Rod Danan, CEO of interview-prep platform Prentus, said his bill hit $10,138 in roughly 30 minutes after attackers exploited his compromised API key. Isuru Fonseka, a Sydney-based developer whose account was similarly compromised, woke up to charges of roughly AUD $17,000 despite believing he had a $250 spending cap in place. What neither knew was that Google’s automated systems had upgraded their billing tiers based on account history, raising their effective ceilings to as high as $100,000 without explicit consent.
Google refunded both after The Register published its initial report. Still, Google told The Register it has no plans to change its automatic tier-upgrade policy, saying it prioritizes preventing service outages over enforcing users’ stated budget preferences.
In the meantime, there is the separate question of what happens when a developer tries to shut things down. The Register reported this week on research by security firm Aikido finding that even developers who catch a compromised key and immediately delete it may not be safe. According to Aikido’s findings, attackers can apparently continue using that key for up to 23 minutes because Google’s revocation propagates gradually across its infrastructure. Aikido researcher Joseph Leon told The Register that during that window, success rates are unpredictable — in some minutes over 90% of requests still authenticated — and attackers can use the time to exfiltrate files and cached conversation data from Gemini.

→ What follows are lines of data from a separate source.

(* Let $H$ be a Hilbert space and let $A=A^*$ be a linear selfadjoint operator in $H$, either bounded or densely defined and unbounded. Let $f\in H$ be such that the equation $Au=f$ is solvable (not necessarily uniquely), and let $y$ be its minimal-norm solution, i.e. the solution with $y\perp N:=\{u: Au=0\}$. For $\delta>0$ let $f_\delta\in H$ satisfy $\|f-f_\delta\|\le\delta$. Let $a=a(\delta)>0$ satisfy $\lim_{\delta\to 0}a(\delta)=0$ and $\lim_{\delta\to0}\frac{\delta}{a(\delta)}=0$. Then the equation $(A+ia(\delta))u=f_\delta$ has a unique solution $u_\delta$, and $$\lim_{\delta\to 0}\|u_\delta-y\|=0.$$
   Context: The problem $Au=f$ is assumed to be ill-posed; the data $f_\delta$ (noisy data) are given while $f$ is not known. *)

theory Defs
  imports "HOL-Analysis.Analysis"
begin

text \<open>A complex Hilbert space is given explicitly on a carrier type 'a (an additive
abelian group) by a complex scalar multiplication sc and an inner product ip
(linear in the first argument, conjugate symmetric, positive definite),
complete with respect to the induced norm.\<close>

definition complex_inner_space ::
  "(complex \<Rightarrow> 'a::ab_group_add \<Rightarrow> 'a) \<Rightarrow> ('a \<Rightarrow> 'a \<Rightarrow> complex) \<Rightarrow> bool" where
  "complex_inner_space sc ip \<longleftrightarrow>
     (\<forall>c x y. sc c (x + y) = sc c x + sc c y) \<and>
     (\<forall>a b x. sc (a + b) x = sc a x + sc b x) \<and>
     (\<forall>a b x. sc a (sc b x) = sc (a * b) x) \<and>
     (\<forall>x. sc 1 x = x) \<and>
     (\<forall>x y z. ip (x + y) z = ip x z + ip y z) \<and>
     (\<forall>c x y. ip (sc c x) y = c * ip x y) \<and>
     (\<forall>x y. ip y x = cnj (ip x y)) \<and>
     (\<forall>x. 0 \<le> Re (ip x x)) \<and>
     (\<forall>x. ip x x = 0 \<longrightarrow> x = 0)"

definition cnorm :: "('a \<Rightarrow> 'a \<Rightarrow> complex) \<Rightarrow> 'a \<Rightarrow> real" where
  "cnorm ip x = sqrt (Re (ip x x))"

definition complex_hilbert_space ::
  "(complex \<Rightarrow> 'a::ab_group_add \<Rightarrow> 'a) \<Rightarrow> ('a \<Rightarrow> 'a \<Rightarrow> complex) \<Rightarrow> bool" where
  "complex_hilbert_space sc ip \<longleftrightarrow> complex_inner_space sc ip \<and>
     (\<forall>X :: nat \<Rightarrow> 'a.
        (\<forall>e>0. \<exists>N. \<forall>m\<ge>N. \<forall>n\<ge>N. cnorm ip (X m - X n) < e) \<longrightarrow>
        (\<exists>l. (\<lambda>n. cnorm ip (X n - l)) \<longlonglongrightarrow> 0))"

definition densely_defined_linear_op ::
  "(complex \<Rightarrow> 'a::ab_group_add \<Rightarrow> 'a) \<Rightarrow> ('a \<Rightarrow> 'a \<Rightarrow> complex) \<Rightarrow> 'a set \<Rightarrow> ('a \<Rightarrow> 'a) \<Rightarrow> bool" where
  "densely_defined_linear_op sc ip D A \<longleftrightarrow>
     0 \<in> D \<and> (\<forall>u\<in>D. \<forall>v\<in>D. u + v \<in> D) \<and> (\<forall>c. \<forall>u\<in>D. sc c u \<in> D) \<and>
     (\<forall>x. \<forall>e>0. \<exists>d\<in>D. cnorm ip (x - d) < e) \<and>
     (\<forall>u\<in>D. \<forall>v\<in>D. A (u + v) = A u + A v) \<and>
     (\<forall>c. \<forall>u\<in>D. A (sc c u) = sc c (A u))"

definition adjoint_domain ::
  "('a \<Rightarrow> 'a \<Rightarrow> complex) \<Rightarrow> 'a set \<Rightarrow> ('a \<Rightarrow> 'a) \<Rightarrow> 'a set" where
  "adjoint_domain ip D A = {v. \<exists>w. \<forall>u\<in>D. ip (A u) v = ip u w}"

text \<open>A = A*: same domain, and A* v = A v for v in the domain
(the adjoint value is unique by density).\<close>

definition selfadjoint_op ::
  "(complex \<Rightarrow> 'a::ab_group_add \<Rightarrow> 'a) \<Rightarrow> ('a \<Rightarrow> 'a \<Rightarrow> complex) \<Rightarrow> 'a set \<Rightarrow> ('a \<Rightarrow> 'a) \<Rightarrow> bool" where
  "selfadjoint_op sc ip D A \<longleftrightarrow>
     densely_defined_linear_op sc ip D A \<and>
     adjoint_domain ip D A = D \<and>
     (\<forall>u\<in>D. \<forall>v\<in>D. ip (A u) v = ip u (A v))"
(* The isoperimetric constant of Thompson's group $F$ with respect to the generating set $\{x_0,x_1\}$ satisfies $\iota(F,\{x_0,x_1\})\le 1/2$.
   Context: Thompson's group $F=\langle x_0,x_1,x_2,\dots\mid x_nx_k=x_kx_{n+1}\text{ for }k<n\rangle$, generated by $x_0,x_1$. For a group $G$ with finite generating set $\Sigma$ and Cayley graph $\Gamma$ (vertices $G$, an edge between $g$ and $sg$ for each $g\in G$, $s\in\Sigma$), and $S\subset G$, let $\delta S$ be the set of edges of $\Gamma$ joining a vertex of $S$ to a vertex of $G\setminus S$. The isoperimetric constant is $\iota(G,\Sigma)=\inf\{|\delta S|/|S| : S\subset G,\ 0<|S|<\infty\}$. *)

theory Defs
  imports "HOL-Algebra.Algebra" "HOL-Library.FuncSet"
begin

text \<open>Cayley graph of a group G w.r.t. a finite generating set Gens: vertices are the
  elements of G, and for each g in G and s in Gens there is one edge joining g and s g.
  Edges are therefore indexed by pairs (g, s).\<close>

definition edge_boundary :: "('a, 'b) monoid_scheme \<Rightarrow> 'a set \<Rightarrow> 'a set \<Rightarrow> ('a \<times> 'a) set" where
  "edge_boundary G Gens S =
     {(g, s). g \<in> carrier G \<and> s \<in> Gens \<and> ((g \<in> S) \<noteq> (s \<otimes>\<^bsub>G\<^esub> g \<in> S))}"

definition isoperimetric_constant :: "('a, 'b) monoid_scheme \<Rightarrow> 'a set \<Rightarrow> real" where
  "isoperimetric_constant G Gens =
     Inf {real (card (edge_boundary G Gens S)) / real (card S) | S.
            S \<subseteq> carrier G \<and> finite S \<and> S \<noteq> {}}"

text \<open>Standard piecewise-linear model (Cannon--Floyd--Parry): F is the group of
  homeomorphisms of [0,1] generated by the two maps below (under composition),
  which is isomorphic to the group given by the infinite presentation, with
  generators corresponding to generators.\<close>

definition x0 :: "real \<Rightarrow> real" where
  "x0 = (\<lambda>t \<in> {0..1}.
           if t \<le> 1/2 then t / 2
           else if t \<le> 3/4 then t - 1/4
           else 2 * t - 1)"

definition x1 :: "real \<Rightarrow> real" where
  "x1 = (\<lambda>t \<in> {0..1}.
           if t \<le> 1/2 then t
           else if t \<le> 3/4 then t / 2 + 1/4
           else if t \<le> 7/8 then t - 1/8
           else 2 * t - 1)"

definition Thompson_F :: "(real \<Rightarrow> real) monoid" where
  "Thompson_F = (BijGroup {0..1}) \<lparr> carrier := generate (BijGroup {0..1}) {x0, x1} \<rparr>"

end

(*
  Write elements of F in normal form x0^h x1^a1 x2^a2 ... and read the exponents a1 a2 ...
  as the concatenated Lukasiewicz words of a forest of plane trees, with h a pointer to one of
  the trees. Let S consist of the elements whose forest has N nodes, all trees having at most
  K nodes, and whose pointer lies before the last tree. Left multiplication by x0 moves the
  pointer, so S - x0 S contains only elements with h = 0; left multiplication by x1 grafts tree
  h + 1 onto the root of tree h, so S - x1 S contains only elements whose tree h is a single
  node. With A(N) the number of forests and G(N) the number of forests with a marked tree,
  this gives |S| = G(N) - A(N) and a boundary of at most 2 A(N) + 2 G(N - 1).
  Now A(N) <= (K / N) G(N), and since there are about 4^K trees with K nodes, G grows at least
  like nu^N for any nu < 4 once K is large; hence G(N - 1) <= (1/4 + eps) G(N) for some large
  N, and the boundary-to-volume ratio is at most 1/2 + O(eps).
*)

theory Submission
  imports Defs
begin

section \<open>Boundaries in Cayley graphs\<close>

lemma card_image_diff_eq:
  assumes "finite S" "inj_on f S"
  shows "card (f ` S - S) = card (S - f ` S)"
proof -
  have "card (f ` S - S) = card (f ` S) - card (f ` S \<inter> S)"
    using assms by (simp add: card_Diff_subset_Int)
  also have "\<dots> = card S - card (S \<inter> f ` S)"
    using assms by (simp add: card_image Int_commute)
  also have "\<dots> = card (S - f ` S)"
    using assms by (simp add: card_Diff_subset_Int)
  finally show ?thesis .
qed

context group
begin

lemma card_gen_boundary_le:
  assumes S: "finite S" "S \<subseteq> carrier G" and s: "s \<in> carrier G"
  shows "card {g \<in> carrier G. (g \<in> S) \<noteq> (s \<otimes> g \<in> S)} \<le> 2 * card (S - (\<lambda>g. s \<otimes> g) ` S)"
proof -
  let ?f = "\<lambda>g. s \<otimes> g"
  let ?out = "{g \<in> S. ?f g \<notin> S}" and ?in = "{g \<in> carrier G - S. ?f g \<in> S}"
  have inj: "inj_on ?f (carrier G)" by (rule inj_onI) (use s in auto)
  have B: "{g \<in> carrier G. (g \<in> S) \<noteq> (?f g \<in> S)} = ?out \<union> ?in" using S by auto
  \<comment> \<open>left translation by s maps the outgoing part into sS - S and the incoming part into S - sS\<close>
  have out: "?f ` ?out \<subseteq> ?f ` S - S" by auto
  have in_img: "?f ` ?in \<subseteq> S - ?f ` S"
  proof
    fix y assume "y \<in> ?f ` ?in"
    then obtain g where g: "g \<in> carrier G" "g \<notin> S" "y = s \<otimes> g" "y \<in> S" by auto
    have "y \<notin> ?f ` S"
    proof
      assume "y \<in> ?f ` S"
      then obtain g' where "g' \<in> S" "y = s \<otimes> g'" by auto
      then show False using g S(2) s by auto
    qed
    then show "y \<in> S - ?f ` S" using g by simp
  qed
  have "card ?in \<le> card (S - ?f ` S)"
    using card_inj_on_le[OF inj_on_subset[OF inj] in_img] S(1) by auto
  moreover have "card ?out \<le> card (?f ` S - S)"
    using S by (intro card_inj_on_le[OF _ out] inj_on_subset[OF inj]) auto
  moreover have "card (?f ` S - S) = card (S - ?f ` S)"
    using S by (intro card_image_diff_eq inj_on_subset[OF inj])
  ultimately show ?thesis
    unfolding B using card_Un_le[of ?out ?in] by linarith
qed

lemma card_edge_boundary_le:
  assumes S: "finite S" "S \<subseteq> carrier G" and Gens: "finite Gens" "Gens \<subseteq> carrier G"
  shows "card (edge_boundary G Gens S) \<le> (\<Sum>s\<in>Gens. 2 * card (S - (\<lambda>g. s \<otimes> g) ` S))"
proof -
  let ?B = "\<lambda>s. {g \<in> carrier G. (g \<in> S) \<noteq> (s \<otimes> g \<in> S)}"
  have "edge_boundary G Gens S = (\<Union>s\<in>Gens. ?B s \<times> {s})"
    unfolding edge_boundary_def by auto
  also have "card \<dots> \<le> (\<Sum>s\<in>Gens. card (?B s \<times> {s}))"
    by (rule card_UN_le[OF Gens(1)])
  also have "\<dots> \<le> (\<Sum>s\<in>Gens. 2 * card (S - (\<lambda>g. s \<otimes> g) ` S))"
    using card_gen_boundary_le[OF S] Gens(2)
    by (intro sum_mono) (auto simp: card_cartesian_product)
  finally show ?thesis .
qed

end

lemma isoperimetric_constant_le:
  assumes "\<And>\<delta>. \<delta> > 0 \<Longrightarrow> \<exists>S. S \<subseteq> carrier G \<and> finite S \<and> S \<noteq> {} \<and>
             real (card (edge_boundary G Gens S)) \<le> (c + \<delta>) * real (card S)"
  shows "isoperimetric_constant G Gens \<le> c"
proof (rule field_le_epsilon)
  let ?R = "{real (card (edge_boundary G Gens S)) / real (card S) | S.
               S \<subseteq> carrier G \<and> finite S \<and> S \<noteq> {}}"
  have bdd: "bdd_below ?R" by (rule bdd_belowI[of _ 0]) auto
  fix \<delta> :: real assume "\<delta> > 0"
  then obtain S where S: "S \<subseteq> carrier G" "finite S" "S \<noteq> {}"
    and le: "real (card (edge_boundary G Gens S)) \<le> (c + \<delta>) * real (card S)"
    using assms by blast
  have "real (card (edge_boundary G Gens S)) / real (card S) \<in> ?R" using S by blast
  then have "Inf ?R \<le> real (card (edge_boundary G Gens S)) / real (card S)"
    using bdd by (rule cInf_lower)
  also have "\<dots> \<le> c + \<delta>"
    using le S by (simp add: divide_le_eq card_gt_0_iff)
  finally show "isoperimetric_constant G Gens \<le> c + \<delta>"
    unfolding isoperimetric_constant_def .
qed

section \<open>The piecewise-linear model of F\<close>

abbreviation Bij01 :: "(real \<Rightarrow> real) monoid" where
  "Bij01 \<equiv> BijGroup {0..1}"

abbreviation mult01 :: "(real \<Rightarrow> real) \<Rightarrow> (real \<Rightarrow> real) \<Rightarrow> real \<Rightarrow> real" (infixl \<open>\<bullet>\<close> 70)
  where "f \<bullet> g \<equiv> f \<otimes>\<^bsub>Bij01\<^esub> g"

interpretation Bij01: group Bij01
  by (rule group_BijGroup)

lemma carrier_Bij01: "carrier Bij01 = Bij {0..1}"
  by (simp add: BijGroup_def)

lemma mult_Bij01: "f \<in> carrier Bij01 \<Longrightarrow> g \<in> carrier Bij01 \<Longrightarrow> f \<bullet> g = compose {0..1} f g"
  by (simp add: BijGroup_def)

lemma apply_mult_Bij01:
  "f \<in> carrier Bij01 \<Longrightarrow> g \<in> carrier Bij01 \<Longrightarrow> t \<in> {0..1} \<Longrightarrow> (f \<bullet> g) t = f (g t)"
  by (simp add: mult_Bij01 compose_def)

lemma apply_one_Bij01: "t \<in> {0..1} \<Longrightarrow> \<one>\<^bsub>Bij01\<^esub> t = t"
  by (simp add: BijGroup_def)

Leon also noted that Google’s own newer credential formats don’t appear to have the same problem: service account API credentials revoke in about five seconds, and Gemini’s newer AQ-prefixed key format takes about a minute. “Both run at Google scale,” he wrote in Aikido’s related paper. “Both suggest this is technically solvable for Google API keys, too.” In short, according to Leon, the 23-minute window isn’t an engineering constraint but a matter of priorities for the company.
That’s worth considering when reading de Souza’s advice, which is sound and should be taken very seriously. He’s not wrong, but there is currently a gap between the platforms are prescribing and how fast they are themselves adapating, and it’s good to be aware of this, too.